The Letter or the Spirit
We've talked about a number of ways you could, were you so inclined, disrupt the computer systems or network at PSU, or disrupt systems external to PSU. The intention has been to give examples of proscribed activity, not to itemize every possible violation. In fact, PSU's official policy statement (which this is not) is intentionally general for the simple reason that it is impossible to define in minute detail every possible way that a person might be in breach of computer propriety. We are more concerned here with the spirit than with the letter of the law. We hope that you'll abide by the spirit, which by now should be abundantly clear. If you instead prefer to split hairs, argue technicalities, and push the envelope of acceptable behavior, you are probably on a collision course with trouble.
Speaking of the Law
PSU's policies aside, there is a great deal of flux these days with regard to the legal definitions and consequences of computer crime. You may be surprised to learn that many of the activities we have discussed here could place you in serious confrontation with the law. In general, lawmakers are clamping down on computer crime, and Kansas is no exception. Gone are the days of the free spirit hacker who treats the net as his personal playground. Nowadays too many people depend on their computer systems, and the law increasingly recognizes this.
What We'll Do
As was mentioned at the outset, we at OIS take this stuff seriously. We intend to monitor our systems and catch the bad guys. That's our job. Not because we like it. In fact, we'd rather spend our time putting up new web servers and offering new services, and responding more rapidly to all the commitments we already have. Given that computer criminals waste lots of our time and lots of our clientele's time, we're rather inclined to take the severest possible measures that seem warranted. Would we turn over a violator to the authorities for prosecution? In a heartbeat. Are we busy collecting evidence? You bet we are.
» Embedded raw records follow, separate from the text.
(* Let $g$ be a nondegenerate symmetric bilinear form on $\mathbb{R}^n$, $P\subset\mathbb{R}^n$ a subspace, $R:[0,1]\to\mathcal L(\mathbb{R}^n)$ continuous, and $Y:[0,1]\to\mathbb{R}^n$ a solution of $Y''=RY$ with $g(Y,Y)<0$ on $[0,1]$. For every $t\in[0,1]$, the restriction of $F_t$ to $\hat{\mathcal S}_t$ is surjective onto $\widetilde{\mathcal H}$.
   Context: $\mathcal H=\{\hat V\in H^1([0,1],\mathbb{R}^n):\hat V(0)\in P,\hat V(1)=0\}$; $\widetilde{\mathcal H}=L^2([0,1],\mathbb{R})/\mathfrak C$, where $\mathfrak C$ is the subspace of constant functions. $\hat Y_t(u)=Y(tu)$. $F_t:\mathcal H\to\widetilde{\mathcal H}$, $F_t(\hat V)(u)=g(\hat V'(u),Y(tu))-t\,g(\hat V(u),Y'(tu))+\mathfrak C$. $\hat{\mathcal S}_t=\{\hat f\,\hat Y_t:\hat f\in H^1_0([0,1],\mathbb{R})\}$, where $H^1_0([0,1],\mathbb{R})$ is the space of $H^1$ functions vanishing at $0$ and $1$. *)

theory Defs
  imports "HOL-Analysis.Analysis"
begin

text \<open>Square-integrable functions on [0,1] (as functions, L^2 classes are handled by
  stating equalities almost everywhere).\<close>
definition L2_01 :: "(real \<Rightarrow> 'a::euclidean_space) \<Rightarrow> bool" where
  "L2_01 f \<longleftrightarrow> f measurable_on {0..1} \<and> (\<lambda>u. norm (f u) ^ 2) integrable_on {0..1}"

text \<open>V' is a weak derivative of V on [0,1]: V' is L^2 and V is its primitive
  (so V is the absolutely continuous H^1 representative).\<close>
definition has_weak_deriv_01 :: "(real \<Rightarrow> 'a::euclidean_space) \<Rightarrow> (real \<Rightarrow> 'a) \<Rightarrow> bool" where
  "has_weak_deriv_01 V V' \<longleftrightarrow> L2_01 V' \<and> (\<forall>u\<in>{0..1}. V u = V 0 + integral {0..u} V')"

definition H1_01 :: "(real \<Rightarrow> 'a::euclidean_space) \<Rightarrow> bool" where
  "H1_01 V \<longleftrightarrow> (\<exists>V'. has_weak_deriv_01 V V')"

definition H1_0_01 :: "(real \<Rightarrow> real) \<Rightarrow> bool" where
  "H1_0_01 f \<longleftrightarrow> H1_01 f \<and> f 0 = 0 \<and> f 1 = 0"

definition S_hat :: "(real \<Rightarrow> 'a::euclidean_space) \<Rightarrow> real \<Rightarrow> (real \<Rightarrow> 'a) set" where
  "S_hat Y t = {(\<lambda>u. f u *\<^sub>R Y (t * u)) | f. H1_0_01 f}"

text \<open>A representative of F_t(V) (before passing to the quotient by constants),
  computed from V and (a representative of) its weak derivative V'.\<close>
definition F_rep :: "('a \<Rightarrow> 'a \<Rightarrow> real) \<Rightarrow> (real \<Rightarrow> 'a) \<Rightarrow> (real \<Rightarrow> 'a) \<Rightarrow> real
      \<Rightarrow> (real \<Rightarrow> 'a) \<Rightarrow> (real \<Rightarrow> 'a) \<Rightarrow> real \<Rightarrow> real" where
  "F_rep g Y Y' t V V' u = g (V' u) (Y (t * u)) - t * g (V u) (Y' (t * u))"

end

theory Submission
  imports Defs
begin

text \<open>On \<open>\<hat>\<S>\<^sub>t\<close> the operator is multiplication of the derivative by the timelike
  square norm, \<open>F\<^sub>t(f \<hat>Y\<^sub>t) = f' g(\<hat>Y\<^sub>t, \<hat>Y\<^sub>t)\<close>: the two terms containing \<open>f\<close> itself
  cancel by symmetry of \<open>g\<close>. So, given \<open>\<phi>\<close>, take \<open>f' = (\<phi> + c) / g(\<hat>Y\<^sub>t, \<hat>Y\<^sub>t)\<close>, which is
  \<open>L\<^sup>2\<close> because \<open>g(\<hat>Y\<^sub>t, \<hat>Y\<^sub>t)\<close> is continuous and negative; since
  \<open>\<integral>\<^sub>0\<^sup>1 1 / g(\<hat>Y\<^sub>t, \<hat>Y\<^sub>t) < 0\<close>, exactly one constant \<open>c\<close> makes \<open>\<integral>\<^sub>0\<^sup>1 f' = 0\<close>, i.e. \<open>f(1) = 0\<close>.
  The remaining analytic point is the Leibniz rule for \<open>f \<hat>Y\<^sub>t\<close> with \<open>f \<in> H\<^sup>1\<close> and
  \<open>\<hat>Y\<^sub>t \<in> C\<^sup>1\<close>, which comes from Fubini on the triangle \<open>r \<le> s\<close>.\<close>

lemma integrable_lborel_pair_triangle:
  fixes h :: "real \<Rightarrow> real" and w :: "real \<Rightarrow> 'a::euclidean_space"
  assumes h: "integrable lborel h" and w: "integrable lborel w"
  shows "integrable (lborel \<Otimes>\<^sub>M lborel) (\<lambda>(r, s). if r \<le> s then h r *\<^sub>R w s else 0)"
proof -
  have [measurable]: "h \<in> borel_measurable borel" "w \<in> borel_measurable borel"
    using h w by auto
  have prod: "integrable (lborel \<Otimes>\<^sub>M lborel) (\<lambda>(r, s). h r *\<^sub>R w s)"
  proof (rule lborel_pair.Fubini_integrable)
    show "integrable lborel (\<lambda>r. LINT s|lborel. norm (case (r, s) of (r, s) \<Rightarrow> h r *\<^sub>R w s))"
      using h by (simp add: integrable_abs)
  qed (use w in auto)
  then show ?thesis
    by (rule Bochner_Integration.integrable_bound) auto
qed

lemma lborel_integral_triangle_swap:
  fixes h :: "real \<Rightarrow> real" and w :: "real \<Rightarrow> 'a::euclidean_space"
  assumes h: "integrable lborel h" and w: "integrable lborel w"
  shows "integrable lborel (\<lambda>s. (LINT r:{..s}|lborel. h r) *\<^sub>R w s)"
    and "integrable lborel (\<lambda>r. h r *\<^sub>R (LINT s:{r..}|lborel. w s))"
    and "(\<integral>s. (LINT r:{..s}|lborel. h r) *\<^sub>R w s \<partial>lborel) = (\<integral>r. h r *\<^sub>R (LINT s:{r..}|lborel. w s) \<partial>lborel)"
proof -
  define k where "k r s = (if r \<le> s then h r *\<^sub>R w s else 0)" for r s
  have k_int: "integrable (lborel \<Otimes>\<^sub>M lborel) (\<lambda>(r, s). k r s)"
    unfolding k_def using integrable_lborel_pair_triangle[OF h w] .
  have inner_r: "(\<integral>r. k r s \<partial>lborel) = (LINT r:{..s}|lborel. h r) *\<^sub>R w s" for s
  proof -
    have "(\<lambda>r. k r s) = (\<lambda>r. (indicator {..s} r *\<^sub>R h r) *\<^sub>R w s)"
      by (auto simp: k_def fun_eq_iff)
    moreover have "integrable lborel (\<lambda>r. indicator {..s} r *\<^sub>R h r)"
      using h by (intro integrable_mult_indicator) auto
    ultimately show ?thesis
      by (simp add: set_lebesgue_integral_def integral_scaleR_left)
  qed
  have inner_s: "(\<integral>s. k r s \<partial>lborel) = h r *\<^sub>R (LINT s:{r..}|lborel. w s)" for r
  proof -
    have "k r = (\<lambda>s. h r *\<^sub>R (indicator {r..} s *\<^sub>R w s))"
      by (auto simp: k_def fun_eq_iff)
    then show ?thesis
      by (simp only: integral_scaleR_right set_lebesgue_integral_def)
  qed
  show "integrable lborel (\<lambda>s. (LINT r:{..s}|lborel. h r) *\<^sub>R w s)"
    using lborel_pair.integrable_snd[OF k_int] by (simp add: inner_r)
  show "integrable lborel (\<lambda>r. h r *\<^sub>R (LINT s:{r..}|lborel. w s))"
    using lborel_pair.integrable_fst'[OF k_int] by (simp add: inner_s)
  show "(\<integral>s. (LINT r:{..s}|lborel. h r) *\<^sub>R w s \<partial>lborel) = (\<integral>r. h r *\<^sub>R (LINT s:{r..}|lborel. w s) \<partial>lborel)"
    using lborel_pair.Fubini_integral[OF k_int] by (simp add: inner_r inner_s)
qed

lemma integral_indefinite_integral_scaleR_swap:
  fixes h :: "real \<Rightarrow> real" and w :: "real \<Rightarrow> 'a::euclidean_space"
  assumes h: "set_integrable lborel {a..b} h" and w: "continuous_on {a..b} w"
  shows "integral {a..b} (\<lambda>s. integral {a..s} h *\<^sub>R w s)
       = integral {a..b} (\<lambda>r. h r *\<^sub>R integral {r..b} w)"
proof -
  define hb where "hb r = indicator {a..b} r *\<^sub>R h r" for r
  define wb where "wb s = indicator {a..b} s *\<^sub>R w s" for s
  have hb_int: "integrable lborel hb"
    using h by (simp add: set_integrable_def hb_def[abs_def])
  have wb_int: "integrable lborel wb"
    unfolding wb_def[abs_def] by (rule borel_integrable_compact[OF compact_Icc w])
  have left: "(LINT r:{..s}|lborel. hb r) *\<^sub>R wb s = indicator {a..b} s *\<^sub>R (integral {a..s} h *\<^sub>R w s)" for s
  proof (cases "s \<in> {a..b}")
    case True
    then have "(LINT r:{..s}|lborel. hb r) = (LINT r:{a..s}|lborel. h r)"
      unfolding set_lebesgue_integral_def hb_def
      by (intro Bochner_Integration.integral_cong) (auto simp: indicator_def)
    also have "\<dots> = integral {a..s} h"
      using True by (intro set_borel_integral_eq_integral(2) set_integrable_subset[OF h]) auto
    finally show ?thesis
      using True by (simp add: wb_def)
  qed (simp add: wb_def)
  have right: "hb r *\<^sub>R (LINT s:{r..}|lborel. wb s) = indicator {a..b} r *\<^sub>R (h r *\<^sub>R integral {r..b} w)" for r
  proof (cases "r \<in> {a..b}")
    case True
    then have "(LINT s:{r..}|lborel. wb s) = (LINT s:{r..b}|lborel. w s)"
      unfolding set_lebesgue_integral_def wb_def
      by (intro Bochner_Integration.integral_cong) (auto simp: indicator_def)
    also have "\<dots> = integral {r..b} w"
      using True w by (intro set_borel_integral_eq_integral(2) borel_integrable_atLeastAtMost')
        (auto elim: continuous_on_subset)
    finally show ?thesis
      using True by (simp add: hb_def)
  qed (simp add: hb_def)
  note swap = lborel_integral_triangle_swap[OF hb_int wb_int, unfolded left right]
  show ?thesis
    using swap by (simp add: set_borel_integral_eq_integral(2)[symmetric] set_integrable_def
        set_lebesgue_integral_def)
qed

lemma absolutely_integrable_on_borel_representative:
  fixes h :: "'a::euclidean_space \<Rightarrow> real"
  assumes "h absolutely_integrable_on S"
  obtains h0 N where "integrable lborel h0" "negligible N" "\<And>x. x \<notin> N \<Longrightarrow> h0 x = indicator S x * h x"
proof -
  have hS: "integrable lebesgue (\<lambda>x. indicator S x * h x)"
    using assms by (simp add: set_integrable_def)
  then obtain h0 where h0: "h0 \<in> borel_measurable lborel" "AE x in lborel. indicator S x * h x = h0 x"
    using completion_ex_borel_measurable_real by blast
  then obtain N where N: "{x \<in> space lborel. indicator S x * h x \<noteq> h0 x} \<subseteq> N" "N \<in> null_sets lborel"
    unfolding eventually_ae_filter by auto
  have "integrable lebesgue h0"
    using hS by (rule integrable_cong_AE_imp) (use h0 in \<open>auto intro!: AE_completion measurable_completion\<close>)
  then have "integrable lborel h0"
    using integrable_completion h0(1) by blast
  moreover have "negligible N"
    using N(2) by (simp add: negligible_iff_null_sets null_sets_completionI)
  ultimately show ?thesis
    using that N(1) by force
qed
You should also be aware that there is a time honored tradition of cooperation among system administrators with respect to mutual security. We are occasionally contacted by administrators from across the Internet when probes or attacks originate from one of PSU's systems. It is our normal practice to supply any pertinent information from our logs to assist other sites with building a legal case against violators of their systems.
Legal penalties aside, any person who violates PSU's computer polices runs the risk of having all his use privileges revoked. And, when conditions warrant, there are additional university judicial procedures available, with the most severe result being expulsion from the university.
A Full Accounting
You think we're overreacting? The criminal break-in of PSU's main academic and mail system in February 1997 resulted in:
- three days of down time and consequent lost productivity
- the loss of a significant amount of email, some of it pertaining to official university business, and all of it important
- scores of hours of staff time spent repairing the damage and securing the system
- the issuance of new passwords for our many thousands of user accounts (each one of those persons must come to our service window to pick up his new password before he or she can use the system)
- a total cost to the university estimated in the thousands of dollars
Clearly, computer crime is a serious issue. We must - and we will - treat it accordingly.